::: Entries provided

lemma average_permutations_eq_average_inj:
  fixes \<iota> :: "'i \<Rightarrow> 'b" and h :: "('i \<Rightarrow> 'b) \<Rightarrow> real"
  assumes "finite B" "finite I" "inj_on \<iota> I" "\<iota> ` I \<subseteq> B"
    and local: "\<And>v v'. (\<forall>i\<in>I. v i = v' i) \<Longrightarrow> h v = h v'"
  defines "Inj \<equiv> {v \<in> I \<rightarrow>\<^sub>E B. inj_on v I}"
  shows "(\<Sum>\<pi>\<in>{\<pi>. \<pi> permutes B}. h (\<pi> \<circ> \<iota>)) / card {\<pi>. \<pi> permutes B} = (\<Sum>v\<in>Inj. h v) / card Inj"
proof -
  define Perm where "Perm = {\<pi>. \<pi> permutes B}"
  define \<Phi> where "\<Phi> \<pi> = restrict (\<pi> \<circ> \<iota>) I" for \<pi> :: "'b \<Rightarrow> 'b"
  define K where "K = card {\<pi>. \<pi> permutes B \<and> restrict (\<pi> \<circ> \<iota>) I = restrict \<iota> I}"
  have fin: "finite Perm" "finite Inj"
    unfolding Perm_def Inj_def using assms(1,2) by (simp_all add: finite_permutations finite_PiE)
  have \<Phi>_Inj: "\<Phi> \<pi> \<in> Inj" if "\<pi> \<in> Perm" for \<pi>
  proof -
    have \<pi>: "\<pi> permutes B" using that unfolding Perm_def by simp
    then have "inj_on (\<pi> \<circ> \<iota>) I"
      using assms(3) permutes_inj by (blast intro: comp_inj_on inj_on_subset)
    moreover have "\<pi> (\<iota> i) \<in> B" if "i \<in> I" for i
      using that assms(4) permutes_in_image[OF \<pi>] by auto
    ultimately show ?thesis unfolding Inj_def \<Phi>_def by (auto simp: inj_on_def)
  qed
  have "id \<in> {\<pi>. \<pi> permutes B \<and> restrict (\<pi> \<circ> \<iota>) I = restrict \<iota> I}" by (simp add: permutes_id)
  moreover have "finite {\<pi>. \<pi> permutes B \<and> restrict (\<pi> \<circ> \<iota>) I = restrict \<iota> I}"
    by (rule finite_subset[OF _ finite_permutations[OF assms(1)]]) auto
  ultimately have K: "K > 0" unfolding K_def using card_gt_0_iff by blast
  have grouped: "(\<Sum>\<pi>\<in>Perm. g (\<Phi> \<pi>)) = real K * (\<Sum>v\<in>Inj. g v)" for g :: "('i \<Rightarrow> 'b) \<Rightarrow> real"
  proof -
    have "(\<Sum>\<pi>\<in>Perm. g (\<Phi> \<pi>)) = (\<Sum>v\<in>Inj. \<Sum>\<pi>\<in>{\<pi> \<in> Perm. \<Phi> \<pi> = v}. g (\<Phi> \<pi>))"
      by (rule sum.group[symmetric]) (use fin \<Phi>_Inj in auto)
    also have "\<dots> = (\<Sum>v\<in>Inj. real K * g v)"
    proof (rule sum.cong[OF refl])
      fix v assume "v \<in> Inj"
      then have "card {\<pi> \<in> Perm. \<Phi> \<pi> = v} = K"
        using card_fibre_restrict_comp_permutes[OF assms(1,3,4)] unfolding K_def Inj_def Perm_def \<Phi>_def
        by simp
      then show "(\<Sum>\<pi>\<in>{\<pi> \<in> Perm. \<Phi> \<pi> = v}. g (\<Phi> \<pi>)) = real K * g v" by simp
    qed
    finally show ?thesis by (simp add: sum_distrib_left)
  qed
  have "h (\<pi> \<circ> \<iota>) = h (\<Phi> \<pi>)" for \<pi> unfolding \<Phi>_def by (rule local) simp
  then have "(\<Sum>\<pi>\<in>Perm. h (\<pi> \<circ> \<iota>)) = real K * (\<Sum>v\<in>Inj. h v)"
    using grouped[of h] by simp
  moreover have "real (card Perm) = real K * real (card Inj)"
    using grouped[of "\<lambda>_. 1"] by simp
  ultimately show ?thesis using K unfolding Perm_def by simp
qed

lemma card_PiE_eq_at_le:
  assumes "finite B" "finite I" "a \<in> I" "b \<in> I" "a \<noteq> b"
  shows "card {v \<in> I \<rightarrow>\<^sub>E B. v a = v b} \<le> card B ^ (card I - 1)"
proof -
  define E where "E = {v \<in> I \<rightarrow>\<^sub>E B. v a = v b}"
  have "inj_on (\<lambda>v. restrict v (I - {b})) E"
  proof (rule inj_onI)
    fix v w assume "v \<in> E" "w \<in> E" "restrict v (I - {b}) = restrict w (I - {b})"
    then have "\<forall>i\<in>I. v i = w i" "v \<in> extensional I" "w \<in> extensional I"
      using assms(3,5) unfolding E_def restrict_eq_iff by (auto simp: PiE_iff)
    then show "v = w" by (auto intro: extensionalityI)
  qed
  moreover have "(\<lambda>v. restrict v (I - {b})) ` E \<subseteq> (I - {b}) \<rightarrow>\<^sub>E B"
  proof (rule image_subsetI)
    fix v assume "v \<in> E"
    then have "\<forall>i\<in>I - {b}. v i \<in> B" unfolding E_def by (auto simp: PiE_iff)
    then show "restrict v (I - {b}) \<in> (I - {b}) \<rightarrow>\<^sub>E B" by (simp only: restrict_PiE_iff)
  qed
  ultimately have "card E \<le> card ((I - {b}) \<rightarrow>\<^sub>E B)"
    using assms(1,2) by (intro card_inj_on_le) (auto simp: finite_PiE)
  also have "\<dots> = card B ^ (card I - 1)" using assms by (simp add: card_PiE)
  finally show ?thesis unfolding E_def .
qed

lemma card_PiE_not_inj_le:
  assumes "finite B" "finite I"
  shows "card ((I \<rightarrow>\<^sub>E B) - {v \<in> I \<rightarrow>\<^sub>E B. inj_on v I}) * card B \<le> card I ^ 2 * card B ^ card I"
proof (cases "I = {}")
  case True
  then show ?thesis by simp
next
  case False
  define E where "E a b = {v \<in> I \<rightarrow>\<^sub>E B. v a = v b}" for a b
  have "(I \<rightarrow>\<^sub>E B) - {v \<in> I \<rightarrow>\<^sub>E B. inj_on v I} \<subseteq> (\<Union>a\<in>I. \<Union>b\<in>I - {a}. E a b)"
    unfolding inj_on_def E_def by auto
  then have "card ((I \<rightarrow>\<^sub>E B) - {v \<in> I \<rightarrow>\<^sub>E B. inj_on v I}) \<le> card (\<Union>a\<in>I. \<Union>b\<in>I - {a}. E a b)"
    using assms unfolding E_def by (intro card_mono) (auto simp: finite_PiE)
  also have "\<dots> \<le> (\<Sum>a\<in>I. \<Sum>b\<in>I - {a}. card (E a b))"
    using assms(2) by (intro order.trans[OF card_UN_le] sum_mono card_UN_le) auto
  also have "\<dots> \<le> (\<Sum>a\<in>I. \<Sum>b\<in>I - {a}. card B ^ (card I - 1))"
    unfolding E_def using assms by (intro sum_mono card_PiE_eq_at_le) auto
  also have "\<dots> \<le> (\<Sum>a\<in>I. \<Sum>b\<in>I. card B ^ (card I - 1))"
    using assms(2) by (intro sum_mono sum_mono2) auto
  also have "\<dots> = card I ^ 2 * card B ^ (card I - 1)" by (simp add: power2_eq_square)
  finally have "card ((I \<rightarrow>\<^sub>E B) - {v \<in> I \<rightarrow>\<^sub>E B. inj_on v I}) * card B
      \<le> card I ^ 2 * (card B ^ (card I - 1) * card B)"
    by (simp add: mult.assoc)
  also have "card B ^ (card I - 1) * card B = card B ^ card I"
  proof -
    have "card I = Suc (card I - 1)" using False assms(2) by (simp add: card_gt_0_iff)
    then show ?thesis by (metis power_Suc2)
  qed
  finally show ?thesis .
qed

lemma average_permutations_approx_PiE:
  fixes \<iota> :: "'i \<Rightarrow> 'b" and h :: "('i \<Rightarrow> 'b) \<Rightarrow> real"
  assumes "finite B" "B \<noteq> {}" "finite I" "inj_on \<iota> I" "\<iota> ` I \<subseteq> B"
    and local: "\<And>v v'. (\<forall>i\<in>I. v i = v' i) \<Longrightarrow> h v = h v'"
    and bounded: "\<And>v. v \<in> I \<rightarrow>\<^sub>E B \<Longrightarrow> \<bar>h v\<bar> \<le> M"
  shows "\<bar>(\<Sum>\<pi>\<in>{\<pi>. \<pi> permutes B}. h (\<pi> \<circ> \<iota>)) / fact (card B) - (\<Sum>v\<in>I \<rightarrow>\<^sub>E B. h v) / card B ^ card I\<bar>
      \<le> 2 * M * card I ^ 2 / card B"
proof -
  define V where "V = I \<rightarrow>\<^sub>E B"
  define Inj where "Inj = {v \<in> V. inj_on v I}"
  have B: "real (card B) > 0" using assms(1,2) by (simp add: card_gt_0_iff)
  have V: "finite V" "real (card V) = real (card B) ^ card I"
    unfolding V_def using assms(1,3) by (simp_all add: card_PiE finite_PiE)
  have "restrict \<iota> I \<in> Inj" unfolding Inj_def V_def using assms(4,5) by (auto simp: inj_on_def)
  then have Inj: "Inj \<subseteq> V" "Inj \<noteq> {}" unfolding Inj_def by auto
  then have M: "M \<ge> 0" using bounded unfolding V_def by (meson abs_ge_zero order.trans subsetD ex_in_conv)
  have "(\<Sum>\<pi>\<in>{\<pi>. \<pi> permutes B}. h (\<pi> \<circ> \<iota>)) / fact (card B) = (\<Sum>v\<in>Inj. h v) / card Inj"
    using average_permutations_eq_average_inj[OF assms(1,3,4,5) local] card_permutations[OF refl assms(1)]
    unfolding Inj_def V_def by simp
  moreover have "\<bar>(\<Sum>v\<in>Inj. h v) / card Inj - (\<Sum>v\<in>V. h v) / card V\<bar> \<le> 2 * M * card (V - Inj) / card V"
    by (rule average_subset_diff_le[OF V(1) Inj]) (use bounded V_def in auto)
  moreover have "real (card (V - Inj)) / card V \<le> real (card I ^ 2) / card B"
  proof -
    have "real (card (V - Inj) * card B) \<le> real (card I ^ 2 * card B ^ card I)"
      using card_PiE_not_inj_le[OF assms(1,3)] unfolding V_def Inj_def by (rule of_nat_mono)
    then have "real (card (V - Inj)) * card B \<le> real (card I ^ 2) * card V"
      using V(2) by simp
    moreover have "real (card V) > 0" using V(2) B by simp
    ultimately show ?thesis using B by (simp add: field_simps)
  qed
  then have "2 * M * (card (V - Inj) / card V) \<le> 2 * M * (card I ^ 2 / card B)"
    using M by (intro mult_left_mono) auto
  ultimately show ?thesis using V(2) unfolding V_def by simp
qed

section \<open>Local functions sampled from a box\<close>

definition three_valued :: "(int \<Rightarrow> nat) \<Rightarrow> bool" where
  "three_valued \<xi> \<longleftrightarrow> (\<forall>z. \<xi> z < 3)"

definition emp_density :: "nat \<Rightarrow> (int \<Rightarrow> nat) \<Rightarrow> nat \<Rightarrow> real" where
  "emp_density k \<xi> a = (1 / (2 * real k + 1)) * (\<Sum>z\<in>{-int k..int k}. if \<xi> z = a then 1 else 0)"

definition phi_tilde_emp :: "int set \<Rightarrow> ((int \<Rightarrow> nat) \<Rightarrow> real) \<Rightarrow> nat \<Rightarrow> (int \<Rightarrow> nat) \<Rightarrow> real" where
  "phi_tilde_emp S \<phi> k \<xi> = phi_tilde S \<phi> (emp_density k \<xi> 1) (emp_density k \<xi> 2)"

definition phi_norm :: "int set \<Rightarrow> ((int \<Rightarrow> nat) \<Rightarrow> real) \<Rightarrow> real" where
  "phi_norm S \<phi> = (\<Sum>t\<in>S \<rightarrow>\<^sub>E {0,1,2}. \<bar>\<phi> t\<bar>)"

lemma nat_less_3_iff: "(n::nat) < 3 \<longleftrightarrow> n \<in> {0,1,2}"
  by (simp add: numeral_3_eq_3 numeral_2_eq_2 less_Suc_eq)

context
  fixes S :: "int set" and \<phi> :: "(int \<Rightarrow> nat) \<Rightarrow> real"
  assumes local: "local_fun S \<phi>"
begin

lemma local_fun_finite: "finite S"
  using local unfolding local_fun_def by simp

lemma local_fun_cong: "(\<And>x. x \<in> S \<Longrightarrow> \<sigma> x = \<sigma>' x) \<Longrightarrow> \<phi> \<sigma> = \<phi> \<sigma>'"
  using local unfolding local_fun_def by blast

lemma abs_le_phi_norm:
  assumes "\<And>s. s \<in> S \<Longrightarrow> \<sigma> s < 3"
  shows "\<bar>\<phi> \<sigma>\<bar> \<le> phi_norm S \<phi>"
proof -
  have "restrict \<sigma> S \<in> S \<rightarrow>\<^sub>E {0,1,2}"
    using assms by (simp add: PiE_iff nat_less_3_iff)
  then have "\<bar>\<phi> (restrict \<sigma> S)\<bar> \<le> phi_norm S \<phi>"
    unfolding phi_norm_def using local_fun_finite
    by (intro member_le_sum[where f="\<lambda>t. \<bar>\<phi> t\<bar>"]) (auto simp: finite_PiE)
  moreover have "\<phi> \<sigma> = \<phi> (restrict \<sigma> S)" by (rule local_fun_cong) simp
  ultimately show ?thesis by simp
qed

lemma abs_comp_le_phi_norm: "three_valued \<xi> \<Longrightarrow> \<bar>\<phi> (\<xi> \<circ> v)\<bar> \<le> phi_norm S \<phi>"
  unfolding three_valued_def by (intro abs_le_phi_norm) simp

lemma phi_norm_nonneg: "phi_norm S \<phi> \<ge> 0"
  unfolding phi_norm_def by (intro sum_nonneg) auto

end
text \<open>The square root of \<open>exp(X/2\<^sup>j)\<close> close to \<open>1\<close> is unique, so it is both
  \<open>exp(X/2\<^sup>j\<^sup>+\<^sup>1)\<close> and the binomial series in \<open>exp(X/2\<^sup>j) - 1\<close>.\<close>

lemma mem_closed_subalgebra_if_exp_mem:
  fixes X :: "'a::euclidean_space blinop"
  assumes S: "closed_subalgebra S" and "norm X \<le> 1/4" and "exp X \<in> S"
  shows "X \<in> S"
proof -
  have "closed S" "subspace S" "1 \<in> S" using S by (simp_all add: closed_subalgebra_def)
  have near_one: "norm (exp (c *\<^sub>R X) - 1) \<le> 1/2" if "0 \<le> c" "c \<le> 1" for c :: real
  proof -
    have "norm (c *\<^sub>R X) \<le> norm X"
      using that by (simp add: mult_left_le_one_le)
    then have "norm (c *\<^sub>R X) \<le> 1/4" using assms(2) by linarith
    then have "exp (norm (c *\<^sub>R X)) \<le> 1 + 2 * norm (c *\<^sub>R X)"
      using exp_bound_lemma[of "norm (c *\<^sub>R X)"] by simp
    then show ?thesis
      using norm_exp_minus_one_le[of "c *\<^sub>R X"] \<open>norm (c *\<^sub>R X) \<le> 1/4\<close> by linarith
  qed
  have halving: "exp ((1 / 2 ^ j) *\<^sub>R X) \<in> S" for j :: nat
  proof (induction j)
    case 0
    then show ?case using assms(3) by simp
  next
    case (Suc j)
    define Y where "Y = exp ((1 / 2 ^ Suc j) *\<^sub>R X)"
    define N where "N = exp ((1 / 2 ^ j) *\<^sub>R X) - 1"
    have "(1 / 2 ^ j) *\<^sub>R X = (1 / 2 ^ Suc j) *\<^sub>R X + (1 / 2 ^ Suc j) *\<^sub>R X"
      by (simp flip: scaleR_add_left)
    then have YY: "Y * Y = 1 + N"
      unfolding Y_def N_def by (simp add: exp_add_commuting[symmetric])
    have "norm N \<le> 1/2" unfolding N_def by (rule near_one) simp_all
    then have N1: "norm N < 1" by simp
    have "N \<in> S" unfolding N_def using Suc.IH \<open>1 \<in> S\<close> \<open>subspace S\<close> by (simp add: subspace_diff)
    then have "sqrt_one_plus N \<in> S" by (rule sqrt_one_plus_mem_closed_subalgebra[OF N1 S])
    moreover have "sqrt_one_plus N = Y"
    proof (rule blinop_square_root_unique)
      show "sqrt_one_plus N * sqrt_one_plus N = Y * Y"
        using sqrt_one_plus_square[OF N1] YY by simp
      have N_eq: "N = Y * Y - 1" using YY by simp
      have "Y * N = N * Y" unfolding N_eq by (simp add: algebra_simps)
      then show "sqrt_one_plus N * Y = Y * sqrt_one_plus N"
        using sqrt_one_plus_commute[OF N1] by metis
      have "norm (Y - 1) \<le> 1/2"
        unfolding Y_def by (rule near_one) (use one_le_power[of "2::real" "Suc j"] in simp_all)
      then show "norm (sqrt_one_plus N - 1) + norm (Y - 1) < 2"
        using norm_sqrt_one_plus_minus_one_le[OF \<open>norm N \<le> 1/2\<close>] by linarith
    qed
    ultimately show ?case unfolding Y_def by simp
  qed
  have "\<And>j::nat. 2 ^ j *\<^sub>R (exp ((1 / 2 ^ j) *\<^sub>R X) - 1) \<in> S"
    using halving \<open>1 \<in> S\<close> \<open>subspace S\<close> by (simp add: subspace_diff subspace_scale)
  from closed_sequentially[OF \<open>closed S\<close> this exp_halving_difference_quotient]
  show ?thesis .
qed

section \<open>Invariant subspaces of matrices\<close>

abbreviation mat_invariant :: "real^'n^'n \<Rightarrow> (real^'n::finite) set \<Rightarrow> bool" where
  "mat_invariant A F \<equiv> (\<lambda>x. A *v x) ` F \<subseteq> F"

lemma closed_subalgebra_invariant_blinops:
  fixes G :: "'a::euclidean_space set"
  assumes "subspace G"
  shows "closed_subalgebra {L. \<forall>v\<in>G. blinop_apply L v \<in> G}"
  unfolding closed_subalgebra_def
proof (intro conjI ballI)
  have "closed ((\<lambda>L. blinop_apply L v) -` G)" for v
    by (intro continuous_closed_vimage closed_subspace assms
        linear_continuous_at bounded_linear_blinop_apply_left)
  then have "closed (\<Inter>v\<in>G. (\<lambda>L. blinop_apply L v) -` G)" by blast
  then show "closed {L. \<forall>v\<in>G. blinop_apply L v \<in> G}"
    by (simp add: vimage_def Collect_ball_eq)
  show "subspace {L. \<forall>v\<in>G. blinop_apply L v \<in> G}"
    using assms by (auto simp: subspace_def)
qed (use assms in auto)

lemma mat_invariant_if_mexp_invariant:
  assumes "subspace G" "norm (blinop_of_matrix C) \<le> 1/4" "mat_invariant (mexp C) G"
  shows "mat_invariant C G"
proof -
  have "exp (blinop_of_matrix C) \<in> {L. \<forall>v\<in>G. blinop_apply L v \<in> G}"
    using assms(3) by (auto simp: mexp_mult_vector)
  then have "blinop_of_matrix C \<in> {L. \<forall>v\<in>G. blinop_apply L v \<in> G}"
    by (rule mem_closed_subalgebra_if_exp_mem[OF closed_subalgebra_invariant_blinops[OF assms(1)] assms(2)])
  then show ?thesis by auto
qed

lemma convex_mat_invariant:
  assumes "convex F"
  shows "convex {A. mat_invariant A F}"
proof (rule convexI)
  fix A B and u v :: real
  assume "A \<in> {A. mat_invariant A F}" "B \<in> {A. mat_invariant A F}" "0 \<le> u" "0 \<le> v" "u + v = 1"
  then have "u *\<^sub>R (A *v x) + v *\<^sub>R (B *v x) \<in> F" if "x \<in> F" for x
    using that convexD[OF assms] by blast
  then show "u *\<^sub>R A + v *\<^sub>R B \<in> {A. mat_invariant A F}"
    by (auto simp: matrix_vector_mult_add_rdistrib scaleR_matrix_vector_assoc)
qed

lemma mat_invariant_convex_hull:
  assumes "convex F" "\<And>B. B \<in> S \<Longrightarrow> mat_invariant B F" "A \<in> convex hull S"
  shows "mat_invariant A F"
  using hull_minimal[of S "{A. mat_invariant A F}" convex] convex_mat_invariant[OF assms(1)] assms(2,3)
  by blast

lemma mat_invariant_span: "mat_invariant A F \<Longrightarrow> mat_invariant A (span F)"
  by (metis span_linear_image span_mono matrix_vector_mul_linear)

lemma mat_invariant_add_scalar_iff:
  assumes "subspace G"
  shows "mat_invariant (B + c *\<^sub>R mat 1) G \<longleftrightarrow> mat_invariant B G"
proof -
  have "(B + c *\<^sub>R mat 1) *v v = B *v v + c *\<^sub>R v" for v
    by (simp add: matrix_vector_mult_add_rdistrib flip: scaleR_matrix_vector_assoc)
  then show ?thesis
    using assms by (auto simp: image_subset_iff subspace_add subspace_scale)
      (metis add_diff_cancel_right' subspace_diff subspace_scale)
qed

section \<open>Invariance along solutions of linear differential equations\<close>

lemma gronwall_zero:
  fixes m :: "real \<Rightarrow> real"
  assumes cont: "continuous_on {0..t} m" and nonneg: "\<And>s. s \<in> {0..t} \<Longrightarrow> 0 \<le> m s"
    and bound: "\<And>s. s \<in> {0..t} \<Longrightarrow> m s \<le> L * integral {0..s} m" and "0 \<le> L"
    and s: "s \<in> {0..t}"
  shows "m s = 0"
proof -
  obtain s0 where "s0 \<in> {0..t}" and max: "\<And>r. r \<in> {0..t} \<Longrightarrow> m r \<le> m s0"
    using continuous_attains_sup[OF compact_Icc _ cont] s by fastforce
  define B where "B = m s0"
  have iterate: "m r \<le> B * (L * r) ^ k / fact k" if "r \<in> {0..t}" for k r
    using that
  proof (induction k arbitrary: r)
    case 0
    then show ?case using max unfolding B_def by simp
  next
    case (Suc k)
    have sub: "{0..r} \<subseteq> {0..t}" using Suc.prems by auto
    have "((\<lambda>u. B * L ^ k / fact k * u ^ k) has_integral
        B * L ^ k / fact k * (r ^ Suc k / real (Suc k))) {0..r}"
    proof (intro has_integral_mult_right)
      have "((\<lambda>u. u ^ Suc k / real (Suc k)) has_real_derivative
          real (Suc k) * u ^ k / real (Suc k)) (at u within {0..r})" for u
        by (intro derivative_eq_intros) auto
      then have "((\<lambda>u. u ^ Suc k / real (Suc k)) has_vector_derivative u ^ k) (at u within {0..r})" for u
        by (simp add: has_real_derivative_iff_has_vector_derivative del: power_Suc of_nat_Suc)
      then have "((\<lambda>u. u ^ k) has_integral (r ^ Suc k / real (Suc k) - 0 ^ Suc k / real (Suc k))) {0..r}"
        using Suc.prems by (intro fundamental_theorem_of_calculus) auto
      then show "((\<lambda>u. u ^ k) has_integral (r ^ Suc k / real (Suc k))) {0..r}" by simp
    qed
    then have "integral {0..r} m \<le> B * L ^ k / fact k * (r ^ Suc k / real (Suc k))"
      using Suc.IH sub
      by (intro has_integral_le[OF integrable_integral[OF integrable_continuous_interval
            [OF continuous_on_subset[OF cont sub]]]]) (auto simp: power_mult_distrib mult.assoc)
    from mult_left_mono[OF this \<open>0 \<le> L\<close>] bound[OF Suc.prems]
    show ?case by (simp add: power_mult_distrib field_simps)
  qed
  have "(\<lambda>k. B * ((L * s) ^ k / fact k)) \<longlonglongrightarrow> 0"
    using summable_LIMSEQ_zero[OF summable_exp[of "L * s"]]
    by (intro tendsto_mult_right_zero) (simp add: divide_inverse mult.commute)
  then have "m s \<le> 0"
    by (rule tendsto_lowerbound) (use iterate s in \<open>simp_all add: always_eventually\<close>)
  then show ?thesis using nonneg[OF s] by simp
qed

lemma projection_along_subspace_exists:
  fixes G :: "'a::euclidean_space set"
  assumes "subspace G"
  obtains q where "linear q" "\<And>v. q v = 0 \<longleftrightarrow> v \<in> G" "\<And>v. v - q v \<in> G"
proof -
  obtain T where T: "T \<subseteq> G" "pairwise orthogonal T" "span T = G"
    using orthogonal_basis_subspace[OF assms] by metis
  define p where "p v = (\<Sum>b\<in>T. (b \<bullet> v / (b \<bullet> b)) *\<^sub>R b)" for v
  have "p v \<in> G" for v
    unfolding p_def using assms T(1) by (intro subspace_sum subspace_scale) auto
  moreover have "orthogonal w (v - p v)" if "w \<in> G" for w v
    unfolding p_def by (rule Gram_Schmidt_step[OF T(2)]) (use that T(3) in simp)
  ultimately have "v - p v = 0 \<longleftrightarrow> v \<in> G" for v
    using assms by (metis diff_eq_diff_eq diff_self orthogonal_self subspace_diff)
  moreover have "linear (\<lambda>v. v - p v)"
    unfolding p_def
    by (rule linearI) (simp_all add: inner_add_right add_divide_distrib scaleR_add_left
        sum.distrib scaleR_sum_right algebra_simps)
  ultimately show ?thesis using \<open>\<And>v. p v \<in> G\<close> by (intro that[of "\<lambda>v. v - p v"]) auto
qed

::::::

◆ Exercise directions ◆
Where the string "moreover" occurs in the data, return the whole line.

◆ Written answer ◆
    moreover have "\<pi> (\<iota> i) \<in> B" if "i \<in> I" for i
  moreover have "finite {\<pi>. \<pi> permutes B \<and> restrict (\<pi> \<circ> \<iota>) I = restrict \<iota> I}"
  moreover have "real (card Perm) = real K * real (card Inj)"
  moreover have "(\<lambda>v. restrict v (I - {b})) ` E \<subseteq> (I - {b}) \<rightarrow>\<^sub>E B"
  moreover have "\<bar>(\<Sum>v\<in>Inj. h v) / card Inj - (\<Sum>v\<in>V. h v) / card V\<bar> \<le> 2 * M * card (V - Inj) / card V"
  moreover have "real (card (V - Inj)) / card V \<le> real (card I ^ 2) / card B"
    moreover have "real (card V) > 0" using V(2) B by simp
  moreover have "\<phi> \<sigma> = \<phi> (restrict \<sigma> S)" by (rule local_fun_cong) simp
    moreover have "sqrt_one_plus N = Y"
  moreover have "orthogonal w (v - p v)" if "w \<in> G" for w v
  moreover have "linear (\<lambda>v. v - p v)"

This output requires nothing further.